■ Exercise details ■
For each line below that includes the string "auto", show the whole line.

■ Supplied entries ■
(* Let $P=\langle p_1,\dots,p_n\rangle$ be a set of points in convex position. For any three points $p_i,p_l,p_j\in P$ ordered counterclockwise on the convex hull of $P$, and any two points $p,q$ with $p\in P(i,l)$, $q\in P(l,j)$, and $p,q\notin D(p_i,p_l,p_j)$, we have $$|pq|\ge\min\{|pp_i|,|pp_l|,|p_ip_j|,|p_lp_j|,|p_lp_i|,|qp_l|,|qp_j|\}.$$
   Context: $P$ is in convex position (every point is a hull vertex), no three points collinear, no four cocircular, listed counterclockwise along the hull. $P(i,l)$ denotes the points of $P$ strictly between $p_i$ and $p_l$ moving counterclockwise from $p_i$ to $p_l$. $D(p_i,p_l,p_j)$ is the disk whose boundary circle passes through $p_i,p_l,p_j$. $|xy|$ is Euclidean distance. *)

theory Defs
  imports "HOL-Analysis.Analysis"
begin

(* Points of the plane are complex numbers; P = p ` {..<n}, indices 0..n-1. *)

definition orient :: "complex \<Rightarrow> complex \<Rightarrow> complex \<Rightarrow> real" where
  "orient a b c = Im (cnj (b - a) * (c - a))"   (* > 0 iff a,b,c counterclockwise *)

definition convex_position :: "nat \<Rightarrow> (nat \<Rightarrow> complex) \<Rightarrow> bool" where
  "convex_position n p \<longleftrightarrow> inj_on p {..<n} \<and>
     (\<forall>k<n. p k \<notin> convex hull (p ` ({..<n} - {k})))"

definition ccw_listed :: "nat \<Rightarrow> (nat \<Rightarrow> complex) \<Rightarrow> bool" where
  "ccw_listed n p \<longleftrightarrow> (\<forall>i j k. i < j \<and> j < k \<and> k < n \<longrightarrow> orient (p i) (p j) (p k) > 0)"

definition no_three_collinear :: "nat \<Rightarrow> (nat \<Rightarrow> complex) \<Rightarrow> bool" where
  "no_three_collinear n p \<longleftrightarrow>
     (\<forall>i<n. \<forall>j<n. \<forall>k<n. distinct [i,j,k] \<longrightarrow> \<not> collinear {p i, p j, p k})"

definition no_four_cocircular :: "nat \<Rightarrow> (nat \<Rightarrow> complex) \<Rightarrow> bool" where
  "no_four_cocircular n p \<longleftrightarrow>
     (\<forall>i<n. \<forall>j<n. \<forall>k<n. \<forall>m<n. distinct [i,j,k,m] \<longrightarrow>
        \<not> (\<exists>c. dist c (p i) = dist c (p j) \<and> dist c (p i) = dist c (p k) \<and> dist c (p i) = dist c (p m)))"

definition cyc_between :: "nat \<Rightarrow> nat \<Rightarrow> nat \<Rightarrow> bool" where
  "cyc_between i l m \<longleftrightarrow> (if i < l then i < m \<and> m < l else i < m \<or> m < l)"
lemma continuous_map_XL_coordinate:
  "continuous_map (XL_top G) (prod_topology (discrete_topology (alph G)) (Omega_top G)) (\<lambda>x. x i)"
  unfolding XL_top_def
  by (rule continuous_map_from_subtopology) (rule continuous_map_product_projection, simp)

lemma continuous_map_XL_letter: "continuous_map (XL_top G) (discrete_topology UNIV) (\<lambda>x. fst (x i))"
  using continuous_map_compose[OF continuous_map_XL_coordinate continuous_map_fst]
  by (auto simp: o_def intro: continuous_map_discrete_UNIV_of_discrete)

lemma continuous_map_XL_vertex: "continuous_map (XL_top G) (discrete_topology UNIV) (\<lambda>x. snd (x i) k)"
proof -
  have "continuous_map (Omega_top G) (discrete_topology (lV G k)) (\<lambda>u. u k)"
    unfolding Omega_top_def
    by (rule continuous_map_from_subtopology) (rule continuous_map_product_projection, simp)
  with continuous_map_compose[OF continuous_map_XL_coordinate continuous_map_snd]
  have "continuous_map (XL_top G) (discrete_topology (lV G k)) ((\<lambda>u. u k) \<circ> (snd \<circ> (\<lambda>x. x i)))"
    by (rule continuous_map_compose)
  then show ?thesis by (simp add: o_def continuous_map_discrete_UNIV_of_discrete)
qed

lemma continuous_map_XL_word: "continuous_map (XL_top G) (discrete_topology UNIV) (\<lambda>x. word x k)"
proof (induction k)
  case 0
  then show ?case by (simp add: word_def)
next
  case (Suc k)
  have word_Suc: "(\<lambda>x. word x (Suc k)) = (\<lambda>x. word x k @ [fst (x k)])"
    by (simp add: word_def)
  show ?case
    unfolding word_Suc using continuous_map_discrete_UNIV_compose[OF continuous_map_discrete_UNIV_pair
        [OF Suc continuous_map_XL_letter[of G k]], of "\<lambda>(w, a). w @ [a]"]
    by simp
qed

lemma local_homeomorphism_imp_open_map:
  assumes lh: "local_homeomorphism X Y f"
  shows "open_map X Y f"
  unfolding open_map_def
proof (intro allI impI)
  fix V assume V: "openin X V"
  have "\<forall>x\<in>V. \<exists>W. openin Y W \<and> f x \<in> W \<and> W \<subseteq> f ` V"
  proof
    fix x assume xV: "x \<in> V"
    then have "x \<in> topspace X" using openin_subset[OF V] by blast
    then obtain U where U: "openin X U" "x \<in> U" "openin Y (f ` U)"
      "homeomorphic_map (subtopology X U) (subtopology Y (f ` U)) f"
      using lh unfolding local_homeomorphism_def by blast
    have "openin (subtopology X U) (V \<inter> U)"
      using V by (simp add: openin_subtopology_Int2 openin_subtopology) blast
    then have "openin (subtopology Y (f ` U)) (f ` (V \<inter> U))"
      using homeomorphic_map_openness_eq[OF U(4)] by blast
    then have "openin Y (f ` (V \<inter> U))" using openin_trans_full U(3) by blast
    then show "\<exists>W. openin Y W \<and> f x \<in> W \<and> W \<subseteq> f ` V" using xV U(2) by blast
  qed
  then show "openin Y (f ` V)" by (subst openin_subopen) blast
qed

lemma continuous_map_prod_discrete:
  assumes f: "continuous_map X Y f"
    and h: "\<And>n. continuous_map X (discrete_topology UNIV) (\<lambda>x. h x n)"
  shows "continuous_map (prod_topology X (discrete_topology UNIV)) (prod_topology Y (discrete_topology UNIV))
           (\<lambda>(x, n). (f x, h x n))"
  unfolding continuous_map_pairwise
proof
  show "continuous_map (prod_topology X (discrete_topology UNIV)) Y (fst \<circ> (\<lambda>(x, n). (f x, h x n)))"
    using continuous_map_compose[OF continuous_map_fst f] by (simp add: o_def case_prod_beta)
  have "openin (prod_topology X (discrete_topology UNIV))
          {p \<in> topspace (prod_topology X (discrete_topology UNIV)). h (fst p) (snd p) \<in> C}" for C
  proof -
    have "{p \<in> topspace (prod_topology X (discrete_topology UNIV)). h (fst p) (snd p) \<in> C} =
          (\<Union>n. {x \<in> topspace X. h x n \<in> C} \<times> {n})"
      by auto
    moreover have "openin X {x \<in> topspace X. h x n \<in> C}" for n
      using openin_continuous_map_preimage[OF h] by simp
    ultimately show ?thesis by (auto simp: openin_prod_Times_iff)
  qed
  then show "continuous_map (prod_topology X (discrete_topology UNIV)) (discrete_topology UNIV)
              (snd \<circ> (\<lambda>(x, n). (f x, h x n)))"
    by (simp add: continuous_map_def o_def case_prod_beta)
qed

lemma open_map_prod_discrete:
  fixes f :: "'a \<Rightarrow> 'b" and h :: "'a \<Rightarrow> 'n \<Rightarrow> 'c"
  assumes f: "open_map X Y f"
    and h: "\<And>n. continuous_map X (discrete_topology UNIV) (\<lambda>x. h x n)"
  shows "open_map (prod_topology X (discrete_topology UNIV)) (prod_topology Y (discrete_topology UNIV))
           (\<lambda>(x, n). (f x, h x n))"
  unfolding open_map_def
proof (intro allI impI)
  fix W :: "('a \<times> 'n) set" assume W: "openin (prod_topology X (discrete_topology UNIV)) W"
  define U where "U n c = {x \<in> topspace X. (x, n) \<in> W \<and> h x n = c}" for n c
  have "openin X (U n c)" for n c
  proof -
    have "continuous_map X (prod_topology X (discrete_topology UNIV)) (\<lambda>x. (x, n))"
      by (simp add: continuous_map_pairwise o_def)
    then have "openin X {x \<in> topspace X. (x, n) \<in> W}"
      using openin_continuous_map_preimage W by blast
    moreover have "openin X {x \<in> topspace X. h x n = c}"
      using openin_continuous_map_preimage[OF h, of "{c}"] by simp
    moreover have "U n c = {x \<in> topspace X. (x, n) \<in> W} \<inter> {x \<in> topspace X. h x n = c}"
      unfolding U_def by blast
    ultimately show ?thesis by auto
  qed
  then have "openin (prod_topology Y (discrete_topology UNIV)) (\<Union>(n, c). f ` U n c \<times> {c})"
    using f by (auto simp: open_map_def openin_prod_Times_iff)
  moreover have "(\<lambda>(x, n). (f x, h x n)) ` W = (\<Union>(n, c). f ` U n c \<times> {c})"
    using openin_subset[OF W] unfolding U_def by (fastforce simp: image_iff)
  ultimately show "openin (prod_topology Y (discrete_topology UNIV)) ((\<lambda>(x, n). (f x, h x n)) ` W)"
    by simp
qed

section \<open>The map \<open>\<xi>\<close>\<close>

lemma word_nth: "i < k \<Longrightarrow> word x k ! i = fst (x i)"
  by (simp add: word_def)

lemma word_eqI: "(\<And>i. i < k \<Longrightarrow> fst (x i) = fst (y i)) \<Longrightarrow> word x k = word y k"
  by (simp add: word_def)

lemma vert_in_lV: "x \<in> XL G \<Longrightarrow> vert x L L \<in> lV G L"
  unfolding vert_def using XL_vertex OmegaD by blast

lemma vert_eq_if_tail_eq: "\<lbrakk>l \<le> L; \<forall>i\<ge>l - 1. x i = x' i\<rbrakk> \<Longrightarrow> vert x L L = vert x' L L"
  unfolding vert_def by simp

lemma shift_XL: "x \<in> XL G \<Longrightarrow> shift x \<in> XL G"
  unfolding XL_def shift_def by blast

lemma funpow_shift: "(shift ^^ k) x = (\<lambda>i. x (i + k))"
  by (induction k arbitrary: x) (auto simp: shift_def)

lemma shift_equivariant_tail_eq:
  assumes comm: "\<forall>x\<in>XL G. psi (shift x) = shift (psi x)"
    and x: "x \<in> XL G" and z: "z \<in> XL G" and tail: "\<forall>i\<ge>m. z i = x i"
  shows "\<forall>i\<ge>m. psi z i = psi x i"
proof -
  have "psi ((shift ^^ k) y) = (shift ^^ k) (psi y)" if "y \<in> XL G" for y k
    using that
  proof (induction k arbitrary: y)
    case (Suc k)
    then show ?case using Suc.IH[OF shift_XL[OF Suc.prems]] comm by (simp add: funpow_swap1)
  qed simp
  moreover have "(shift ^^ m) z = (shift ^^ m) x"
    using tail by (simp add: funpow_shift)
  ultimately have "(shift ^^ m) (psi z) = (shift ^^ m) (psi x)"
    using x z by metis
  then have "psi z (j + m) = psi x (j + m)" for j
    by (simp add: funpow_shift fun_eq_iff)
  then show ?thesis by (metis le_add_diff_inverse2)
qed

■ Answer ■
  by (auto simp: o_def intro: continuous_map_discrete_UNIV_of_discrete)
      by auto
    ultimately show ?thesis by (auto simp: openin_prod_Times_iff)
    ultimately show ?thesis by auto
    using f by (auto simp: open_map_def openin_prod_Times_iff)
  by (induction k arbitrary: x) (auto simp: shift_def)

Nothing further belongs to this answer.